___ Available data
lemma card_line_graph_edges_le_max_degree:
  assumes "simple_graph_edges E" and "\<And>v. card (incident_edges E v) \<le> d"
  shows "card (line_graph_edges E) \<le> card E * (2 * d)"
proof -
  have fin: "finite E" using assms(1) by (simp add: simple_graph_edges_def)
  have "line_graph_edges E \<subseteq> (\<Union>e\<in>E. (\<lambda>f. {e, f}) ` {f \<in> E. f \<inter> e \<noteq> {}})"
    unfolding line_graph_edges_def by blast
  then have "card (line_graph_edges E) \<le> card (\<Union>e\<in>E. (\<lambda>f. {e, f}) ` {f \<in> E. f \<inter> e \<noteq> {}})"
    using fin by (intro card_mono) auto
  also have "\<dots> \<le> (\<Sum>e\<in>E. card ((\<lambda>f. {e, f}) ` {f \<in> E. f \<inter> e \<noteq> {}}))"
    using fin by (rule card_UN_le)
  also have "\<dots> \<le> (\<Sum>e\<in>E. 2 * d)"
  proof (rule sum_mono)
    fix e assume "e \<in> E"
    then obtain x y where "e = {x, y}"
      using assms(1) by (auto simp: simple_graph_edges_def card_2_iff)
    then have "{f \<in> E. f \<inter> e \<noteq> {}} \<subseteq> incident_edges E x \<union> incident_edges E y"
      by (auto simp: incident_edges_def)
    then have "card {f \<in> E. f \<inter> e \<noteq> {}} \<le> card (incident_edges E x \<union> incident_edges E y)"
      using fin by (intro card_mono) (auto simp: incident_edges_def)
    also have "\<dots> \<le> card (incident_edges E x) + card (incident_edges E y)"
      by (rule card_Un_le)
    also have "\<dots> \<le> 2 * d" using assms(2)[of x] assms(2)[of y] by simp
    finally show "card ((\<lambda>f. {e, f}) ` {f \<in> E. f \<inter> e \<noteq> {}}) \<le> 2 * d"
      using card_image_le[of "{f \<in> E. f \<inter> e \<noteq> {}}" "\<lambda>f. {e, f}"] fin by simp
  qed
  finally show ?thesis by simp
qed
______
Task
Copy, please, every line from the start of the entries down to the line that holds "unfolding line_graph_edges_def by blast", with both of those lines included and no others.

Written answer
lemma card_line_graph_edges_le_max_degree:
  assumes "simple_graph_edges E" and "\<And>v. card (incident_edges E v) \<le> d"
  shows "card (line_graph_edges E) \<le> card E * (2 * d)"
proof -
  have fin: "finite E" using assms(1) by (simp add: simple_graph_edges_def)
  have "line_graph_edges E \<subseteq> (\<Union>e\<in>E. (\<lambda>f. {e, f}) ` {f \<in> E. f \<inter> e \<noteq> {}})"
    unfolding line_graph_edges_def by blast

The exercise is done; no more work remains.